(Beginning of Data for processing)

(* The matrix of poly_lin_ext n F in the basis 1, x, ..., x^(n - 1): column k holds the coefficients of F k. *)
definition coeff_mat :: "nat \<Rightarrow> (nat \<Rightarrow> 'a :: zero poly) \<Rightarrow> 'a mat" where
  "coeff_mat n F = mat n n (\<lambda>(j, k). coeff (F k) j)"

lemma coeff_mat_carrier [simp]: "coeff_mat n F \<in> carrier_mat n n"
  and dim_coeff_mat [simp]: "dim_row (coeff_mat n F) = n" "dim_col (coeff_mat n F) = n"
  by (auto simp: coeff_mat_def)

lemma index_coeff_mat [simp]: "j < n \<Longrightarrow> k < n \<Longrightarrow> coeff_mat n F $$ (j, k) = coeff (F k) j"
  by (simp add: coeff_mat_def)

lemma coeff_mat_cong: "(\<And>k. k < n \<Longrightarrow> F k = G k) \<Longrightarrow> coeff_mat n F = coeff_mat n G"
  by (rule eq_matI) auto

lemma coeff_mat_mult:
  fixes F G :: "nat \<Rightarrow> 'a :: comm_semiring_1 poly"
  shows "coeff_mat n F * coeff_mat n G = coeff_mat n (\<lambda>k. poly_lin_ext n F (G k))"
proof (rule eq_matI)
  fix j k assume "j < dim_row (coeff_mat n (\<lambda>k. poly_lin_ext n F (G k)))"
    and "k < dim_col (coeff_mat n (\<lambda>k. poly_lin_ext n F (G k)))"
  then have "j < n" "k < n" by simp_all
  then show "(coeff_mat n F * coeff_mat n G) $$ (j, k) = coeff_mat n (\<lambda>k. poly_lin_ext n F (G k)) $$ (j, k)"
    by (simp add: scalar_prod_def poly_lin_ext_def coeff_sum atLeast0LessThan mult.commute)
qed auto

lemma coeff_mat_monom: "coeff_mat n (monom 1) = (1\<^sub>m n :: 'a :: comm_semiring_1 mat)"
  by (rule eq_matI) (auto simp: coeff_monom)

lemma coeff_mat_smult: "coeff_mat n (\<lambda>k. smult c (F k)) = c \<cdot>\<^sub>m coeff_mat n F"
  by (rule eq_matI) auto

lemma poly_lin_ext_monom: "k < n \<Longrightarrow> poly_lin_ext n F (monom 1 k) = F k"
  by (simp add: poly_lin_ext_def coeff_monom if_distrib[of "\<lambda>c. smult c _"] cong: if_cong)

lemma poly_lin_ext_powers: "degree g < n \<Longrightarrow> poly_lin_ext n (\<lambda>i. r ^ i) g = g \<circ>\<^sub>p r"
  by (simp add: poly_lin_ext_def pcompose_eq_sum_lessThan)

lemma poly_poly_lin_ext: "poly (poly_lin_ext n F g) x = (\<Sum>i<n. coeff g i * poly (F i) x)"
  by (simp add: poly_lin_ext_def poly_sum)

lemma degree_poly_lin_ext_le:
  "(\<And>i. i < n \<Longrightarrow> degree (F i) \<le> d) \<Longrightarrow> degree (poly_lin_ext n F g) \<le> d"
  unfolding poly_lin_ext_def
  by (intro degree_sum_le) (auto intro: order.trans[OF degree_smult_le])

lemma coeff_mat_shift_mult:
  assumes "\<And>k. k < n \<Longrightarrow> degree (G k) < n"
  shows "coeff_mat n (\<lambda>k. [:c, 1:] ^ k) * coeff_mat n G = coeff_mat n (\<lambda>k. G k \<circ>\<^sub>p [:c, 1:])"
  unfolding coeff_mat_mult by (rule coeff_mat_cong) (simp add: assms poly_lin_ext_powers)

lemma coeff_mat_shift_inverse:
  "coeff_mat n (\<lambda>k. [:c, 1:] ^ k) * coeff_mat n (\<lambda>k. [:-c, 1:] ^ k) = (1\<^sub>m n :: 'a :: comm_ring_1 mat)"
  by (simp add: coeff_mat_shift_mult degree_linear_power pcompose_hom.hom_power pcompose_pCons
      coeff_mat_monom[symmetric] monom_altdef cong: coeff_mat_cong)

lemma char_poly_coeff_mat_triangular:
  fixes G :: "nat \<Rightarrow> 'a :: comm_ring_1 poly"
  assumes "\<And>j k. j < k \<Longrightarrow> k < n \<Longrightarrow> coeff (G k) j = 0"
  shows "char_poly (coeff_mat n G) = (\<Prod>k<n. [:- coeff (G k) k, 1:])"
proof -
  have "char_poly (coeff_mat n G) = char_poly (transpose_mat (coeff_mat n G))"
    by (simp add: char_poly_transpose_mat[OF coeff_mat_carrier])
  also have "\<dots> = (\<Prod>a \<leftarrow> diag_mat (transpose_mat (coeff_mat n G)). [:- a, 1:])"
    by (rule char_poly_upper_triangular) (auto simp: upper_triangular_def assms)
  also have "\<dots> = (\<Prod>k<n. [:- coeff (G k) k, 1:])"
    by (simp add: diag_mat_def prod.distinct_set_conv_list[symmetric] atLeast0LessThan comp_def)
  finally show ?thesis .
qed

lemma pow_mat_add:
  assumes "A \<in> carrier_mat n n"
  shows "A ^\<^sub>m (i + j) = A ^\<^sub>m i * A ^\<^sub>m j"
  by (induction j) (use assms in \<open>simp_all add: assoc_mult_mat[of _ n n _ n _ n]\<close>)

lemma pow_mat_mult:
  assumes "A \<in> carrier_mat n n"
  shows "A ^\<^sub>m (i * j) = (A ^\<^sub>m i) ^\<^sub>m j"
proof (induction j)
  case (Suc j)
  have "A ^\<^sub>m (i * Suc j) = A ^\<^sub>m (i * j + i)"
    by (simp add: add.commute)
  then show ?case
    by (simp only: pow_mat_add[OF assms] Suc.IH pow_mat.simps(2))
qed (use assms in simp)

lemma one_pow_mat [simp]: "1\<^sub>m n ^\<^sub>m k = (1\<^sub>m n :: 'a :: semiring_1 mat)"
  by (induction k) simp_all

lemma transpose_pow_mat:
  fixes A :: "'a :: comm_semiring_1 mat"
  assumes "A \<in> carrier_mat n n"
  shows "transpose_mat (A ^\<^sub>m k) = transpose_mat A ^\<^sub>m k"
proof (induction k)
  case (Suc k)
  have "transpose_mat (A ^\<^sub>m Suc k) = transpose_mat A * transpose_mat A ^\<^sub>m k"
    using transpose_mult[OF pow_carrier_mat[OF assms, of k] assms] by (simp add: Suc.IH)
  also have "\<dots> = transpose_mat A ^\<^sub>m Suc k"
    using pow_mat_add[of "transpose_mat A" n 1 k] assms by simp
  finally show ?case .
qed (use assms in simp)

lemma invertible_mat_if_pow_mat_eq_one:
  assumes A: "A \<in> carrier_mat n n" and "0 < k" and "A ^\<^sub>m k = 1\<^sub>m n"
  shows "invertible_mat A"
proof -
  obtain j where k: "k = Suc j"
    using \<open>0 < k\<close> by (cases k) auto
  have "A * A ^\<^sub>m j = A ^\<^sub>m k" "A ^\<^sub>m j * A = A ^\<^sub>m k"
    using pow_mat_add[OF A, of 1 j] A by (simp_all add: k)
  with A assms(3) show ?thesis
    unfolding invertible_mat_def inverts_mat_def by (intro conjI exI[of _ "A ^\<^sub>m j"]) auto
qed
(* Let $\pi,\pi'\in\mathbb P$ and let $F:[0,1]\cap\mathbb Q\to\mathbb Q$ be a piecewise linear continuous map with $F(0)=0$ and $F(1)\in a_0^{-1}\mathbb Z$. Assume $\pi(t)=\pi'(t)+F(t)\delta$ for all $t$. Then for each $w\in W$, $(S_w\pi)(t)=(S_w\pi')(t)+F(t)\delta$ for all $t\in[0,1]\cap\mathbb Q$.
   Context: $\mathfrak g$ is an affine Lie algebra over $\mathbb Q$ of affine type with index set $I$, simple coroots $h_j$, fundamental weights $\Lambda_j$, null root $\delta$, $a_0=2$ if $\mathfrak g$ is of type $A^{(2)}_{2\ell}$ and $a_0=1$ otherwise, Weyl group $W=\langle r_j\mid j\in I\rangle$, weight lattice $P=\bigoplus_j\mathbb Z\Lambda_j\oplus\mathbb Za_0^{-1}\delta$. $\mathbb P$ is the set of piecewise linear continuous maps $\pi:[0,1]\cap\mathbb Q\to\mathbb Q\otimes P$ with $\pi(0)=0$, $\pi(1)\in P$. $e_j,f_j$ ($j\in I$) are Littelmann's root operators on $\mathbb P\cup\{\mathbf0\}$. For $j\in I$, $S_j\pi=f_j^n\pi$ if $n=\pi(1)(h_j)\ge0$ and $S_j\pi=e_j^{-n}\pi$ if $n<0$; $w\mapsto S_w$ is the unique action of $W$ on $\mathbb P$ with $S_{r_j}=S_j$ (Littelmann). *)

theory Defs
  imports Complex_Main
begin

section \<open>Affine generalized Cartan matrices (Kac's conventions)\<close>

text \<open>Index set I is a finite type 'i.  A i j is the Cartan entry a_ij = alpha_j(h_i).\<close>

definition gcm :: "('i \<Rightarrow> 'i \<Rightarrow> int) \<Rightarrow> bool" where
  "gcm A \<longleftrightarrow> (\<forall>i. A i i = 2) \<and> (\<forall>i j. i \<noteq> j \<longrightarrow> A i j \<le> 0)
     \<and> (\<forall>i j. A i j = 0 \<longleftrightarrow> A j i = 0)"

definition indecomposable :: "('i \<Rightarrow> 'i \<Rightarrow> int) \<Rightarrow> bool" where
  "indecomposable A \<longleftrightarrow>
     (\<forall>J. J \<noteq> {} \<and> J \<noteq> UNIV \<longrightarrow> (\<exists>i\<in>J. \<exists>j. j \<notin> J \<and> A i j \<noteq> 0))"

definition affine_gcm :: "('i::finite \<Rightarrow> 'i \<Rightarrow> int) \<Rightarrow> bool" where
  "affine_gcm A \<longleftrightarrow> gcm A \<and> indecomposable A \<and>
     (\<exists>u :: 'i \<Rightarrow> rat. (\<forall>i. u i > 0) \<and> (\<forall>i. (\<Sum>j\<in>UNIV. of_int (A i j) * u j) = 0))"

text \<open>The labels a_i (delta = sum a_i alpha_i): coprime positive integers with A a = 0.\<close>
definition null_labels :: "('i::finite \<Rightarrow> 'i \<Rightarrow> int) \<Rightarrow> ('i \<Rightarrow> nat) \<Rightarrow> bool" where
  "null_labels A a \<longleftrightarrow> (\<forall>i. a i > 0) \<and> (\<forall>i. (\<Sum>j\<in>UNIV. A i j * int (a j)) = 0)
     \<and> (\<forall>d::nat. (\<forall>i. d dvd a i) \<longrightarrow> d = 1)"

text \<open>The dual labels a_i^vee (K = sum a_i^vee h_i): labels of the transposed matrix.\<close>
definition dual_labels :: "('i::finite \<Rightarrow> 'i \<Rightarrow> int) \<Rightarrow> ('i \<Rightarrow> nat) \<Rightarrow> bool" where
  "dual_labels A av \<longleftrightarrow> null_labels (\<lambda>i j. A j i) av"

text \<open>The node 0 of Kac's numbering: a_0^vee = 1, and a_0 = 1 unless no node has
  a_i = a_i^vee = 1 (which happens exactly for type A_{2l}^{(2)}, where a_0 = 2).\<close>
definition node0 :: "('i \<Rightarrow> nat) \<Rightarrow> ('i \<Rightarrow> nat) \<Rightarrow> 'i \<Rightarrow> bool" where
  "node0 a av i0 \<longleftrightarrow> av i0 = 1 \<and> (a i0 = 1 \<or> \<not> (\<exists>i. a i = 1 \<and> av i = 1))"

text \<open>An element of Q \<otimes> P is written sum_j c_j Lambda_j + c delta; we represent it by
  the coefficient function: v (Some j) = c_j, v None = c.\<close>
type_synonym 'i wt = "'i option \<Rightarrow> rat"

definition wadd :: "'i wt \<Rightarrow> 'i wt \<Rightarrow> 'i wt" where
  "wadd v w = (\<lambda>k. v k + w k)"

definition wsmul :: "rat \<Rightarrow> 'i wt \<Rightarrow> 'i wt" where
  "wsmul c v = (\<lambda>k. c * v k)"

definition wzero :: "'i wt" where
  "wzero = (\<lambda>k. 0)"

definition dlt :: "'i wt" where
  "dlt = (\<lambda>k. if k = None then 1 else 0)"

(End of Data for processing)

**Assigned task**: Beginning with the very first line of the material, please return exactly each line down to and including the one with "F \<in> carrier_mat".

**Solved problem**:
(* The matrix of poly_lin_ext n F in the basis 1, x, ..., x^(n - 1): column k holds the coefficients of F k. *)
definition coeff_mat :: "nat \<Rightarrow> (nat \<Rightarrow> 'a :: zero poly) \<Rightarrow> 'a mat" where
  "coeff_mat n F = mat n n (\<lambda>(j, k). coeff (F k) j)"

lemma coeff_mat_carrier [simp]: "coeff_mat n F \<in> carrier_mat n n"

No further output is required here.